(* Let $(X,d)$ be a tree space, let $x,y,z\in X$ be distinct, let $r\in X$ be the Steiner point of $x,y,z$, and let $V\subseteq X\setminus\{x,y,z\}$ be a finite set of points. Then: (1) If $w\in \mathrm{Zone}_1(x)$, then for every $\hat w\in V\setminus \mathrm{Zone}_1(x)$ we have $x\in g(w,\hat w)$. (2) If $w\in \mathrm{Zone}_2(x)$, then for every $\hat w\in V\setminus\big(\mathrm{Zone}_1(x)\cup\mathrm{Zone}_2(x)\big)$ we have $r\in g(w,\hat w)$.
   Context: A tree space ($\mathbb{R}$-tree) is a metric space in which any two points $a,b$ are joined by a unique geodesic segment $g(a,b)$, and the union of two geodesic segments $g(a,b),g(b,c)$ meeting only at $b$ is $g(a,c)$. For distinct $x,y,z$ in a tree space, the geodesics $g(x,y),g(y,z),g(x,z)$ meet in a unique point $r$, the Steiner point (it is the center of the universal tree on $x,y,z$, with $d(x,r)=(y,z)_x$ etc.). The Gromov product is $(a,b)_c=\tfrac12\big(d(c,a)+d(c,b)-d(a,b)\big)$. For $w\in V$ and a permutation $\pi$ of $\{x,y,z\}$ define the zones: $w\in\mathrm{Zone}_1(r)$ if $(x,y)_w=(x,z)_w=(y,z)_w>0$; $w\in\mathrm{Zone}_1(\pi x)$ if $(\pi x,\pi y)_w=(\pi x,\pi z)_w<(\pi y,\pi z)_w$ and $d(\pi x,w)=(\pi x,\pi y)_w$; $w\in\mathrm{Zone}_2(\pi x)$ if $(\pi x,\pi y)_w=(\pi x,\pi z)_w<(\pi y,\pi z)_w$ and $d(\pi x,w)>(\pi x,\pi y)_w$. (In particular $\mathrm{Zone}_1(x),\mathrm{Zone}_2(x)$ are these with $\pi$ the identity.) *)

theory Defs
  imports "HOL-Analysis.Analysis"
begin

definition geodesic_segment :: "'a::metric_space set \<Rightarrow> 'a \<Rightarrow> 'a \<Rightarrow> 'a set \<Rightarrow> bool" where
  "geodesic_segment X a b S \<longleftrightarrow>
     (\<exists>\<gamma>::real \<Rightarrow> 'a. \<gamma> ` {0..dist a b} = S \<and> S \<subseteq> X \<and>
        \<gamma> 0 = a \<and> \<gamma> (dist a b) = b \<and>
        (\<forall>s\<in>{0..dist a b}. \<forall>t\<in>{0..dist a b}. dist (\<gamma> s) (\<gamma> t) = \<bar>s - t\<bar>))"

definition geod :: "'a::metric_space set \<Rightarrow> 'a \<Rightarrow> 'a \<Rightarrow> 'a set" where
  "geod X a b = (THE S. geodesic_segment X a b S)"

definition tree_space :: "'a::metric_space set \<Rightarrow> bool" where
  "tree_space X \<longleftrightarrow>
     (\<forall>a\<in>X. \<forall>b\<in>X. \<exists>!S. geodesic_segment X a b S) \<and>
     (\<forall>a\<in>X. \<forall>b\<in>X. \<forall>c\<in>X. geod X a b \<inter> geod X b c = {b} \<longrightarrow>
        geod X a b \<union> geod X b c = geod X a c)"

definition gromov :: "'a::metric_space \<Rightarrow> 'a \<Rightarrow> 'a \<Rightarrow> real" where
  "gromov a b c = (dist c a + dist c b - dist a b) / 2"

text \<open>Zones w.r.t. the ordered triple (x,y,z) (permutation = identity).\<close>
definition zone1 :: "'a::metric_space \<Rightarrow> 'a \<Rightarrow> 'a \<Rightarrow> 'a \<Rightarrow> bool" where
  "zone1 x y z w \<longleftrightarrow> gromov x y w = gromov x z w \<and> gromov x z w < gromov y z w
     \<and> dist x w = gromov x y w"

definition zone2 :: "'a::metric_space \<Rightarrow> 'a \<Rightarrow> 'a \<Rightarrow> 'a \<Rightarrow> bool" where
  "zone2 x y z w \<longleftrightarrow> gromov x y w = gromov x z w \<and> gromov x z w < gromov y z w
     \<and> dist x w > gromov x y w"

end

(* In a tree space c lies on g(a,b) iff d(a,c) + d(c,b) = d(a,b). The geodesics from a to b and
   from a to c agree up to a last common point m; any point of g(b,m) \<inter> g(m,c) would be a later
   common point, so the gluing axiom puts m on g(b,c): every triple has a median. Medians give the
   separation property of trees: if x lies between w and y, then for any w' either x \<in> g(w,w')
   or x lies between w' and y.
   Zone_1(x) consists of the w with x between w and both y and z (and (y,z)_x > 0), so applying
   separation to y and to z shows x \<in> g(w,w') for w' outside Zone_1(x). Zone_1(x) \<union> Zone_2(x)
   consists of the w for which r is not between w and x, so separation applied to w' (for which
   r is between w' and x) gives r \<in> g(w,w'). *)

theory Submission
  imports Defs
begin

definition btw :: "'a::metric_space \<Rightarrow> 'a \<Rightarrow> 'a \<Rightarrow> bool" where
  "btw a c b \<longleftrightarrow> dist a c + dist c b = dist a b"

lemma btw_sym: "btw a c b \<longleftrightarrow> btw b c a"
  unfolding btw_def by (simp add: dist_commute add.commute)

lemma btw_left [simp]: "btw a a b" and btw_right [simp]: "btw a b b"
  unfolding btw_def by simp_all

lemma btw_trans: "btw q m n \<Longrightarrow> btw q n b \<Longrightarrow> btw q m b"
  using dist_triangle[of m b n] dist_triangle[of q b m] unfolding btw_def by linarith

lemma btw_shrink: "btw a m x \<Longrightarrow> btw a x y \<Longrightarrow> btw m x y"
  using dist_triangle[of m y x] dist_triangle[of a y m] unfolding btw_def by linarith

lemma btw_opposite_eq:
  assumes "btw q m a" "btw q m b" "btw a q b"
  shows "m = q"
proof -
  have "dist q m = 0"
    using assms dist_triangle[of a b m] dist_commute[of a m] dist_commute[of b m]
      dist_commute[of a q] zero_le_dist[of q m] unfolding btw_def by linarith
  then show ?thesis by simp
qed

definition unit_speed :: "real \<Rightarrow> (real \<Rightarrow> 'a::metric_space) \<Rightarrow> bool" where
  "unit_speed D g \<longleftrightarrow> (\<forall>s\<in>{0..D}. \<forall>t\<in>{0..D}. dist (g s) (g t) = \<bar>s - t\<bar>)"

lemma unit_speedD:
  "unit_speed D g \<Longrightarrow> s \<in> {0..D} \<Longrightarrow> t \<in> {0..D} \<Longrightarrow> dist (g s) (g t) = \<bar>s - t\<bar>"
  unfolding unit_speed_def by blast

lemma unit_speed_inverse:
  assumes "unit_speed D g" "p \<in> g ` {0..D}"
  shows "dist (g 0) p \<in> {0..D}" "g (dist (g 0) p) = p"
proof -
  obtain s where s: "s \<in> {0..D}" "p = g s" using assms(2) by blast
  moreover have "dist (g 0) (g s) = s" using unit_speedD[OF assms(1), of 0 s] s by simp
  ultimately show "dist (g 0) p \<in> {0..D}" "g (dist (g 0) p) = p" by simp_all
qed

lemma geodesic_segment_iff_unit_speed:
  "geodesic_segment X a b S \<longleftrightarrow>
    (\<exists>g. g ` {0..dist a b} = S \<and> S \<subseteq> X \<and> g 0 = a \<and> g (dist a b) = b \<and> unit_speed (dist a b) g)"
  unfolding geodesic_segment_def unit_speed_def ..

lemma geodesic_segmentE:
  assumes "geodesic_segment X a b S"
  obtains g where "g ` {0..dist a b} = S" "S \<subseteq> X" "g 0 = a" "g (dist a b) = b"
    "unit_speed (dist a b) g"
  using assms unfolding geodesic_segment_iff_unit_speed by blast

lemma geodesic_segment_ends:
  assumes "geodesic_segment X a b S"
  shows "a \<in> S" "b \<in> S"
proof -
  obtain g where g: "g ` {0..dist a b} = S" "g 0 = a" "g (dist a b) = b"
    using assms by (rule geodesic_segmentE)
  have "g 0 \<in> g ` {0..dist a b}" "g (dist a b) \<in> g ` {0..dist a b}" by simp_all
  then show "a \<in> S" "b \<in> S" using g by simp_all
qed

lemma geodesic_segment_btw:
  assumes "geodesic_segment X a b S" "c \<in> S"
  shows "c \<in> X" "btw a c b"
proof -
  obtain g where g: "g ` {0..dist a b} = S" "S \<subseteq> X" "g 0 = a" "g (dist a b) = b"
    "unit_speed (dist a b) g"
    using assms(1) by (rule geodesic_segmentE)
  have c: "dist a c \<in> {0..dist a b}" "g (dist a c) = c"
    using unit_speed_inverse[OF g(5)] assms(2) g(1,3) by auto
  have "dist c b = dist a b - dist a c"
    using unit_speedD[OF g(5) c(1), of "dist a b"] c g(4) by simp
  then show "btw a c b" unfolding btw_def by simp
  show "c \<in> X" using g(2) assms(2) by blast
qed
:::::
From the records above, pull every line that carries the word "common".

   from a to c agree up to a last common point m; any point of g(b,m) \<inter> g(m,c) would be a later
   common point, so the gluing axiom puts m on g(b,c): every triple has a median. Medians give the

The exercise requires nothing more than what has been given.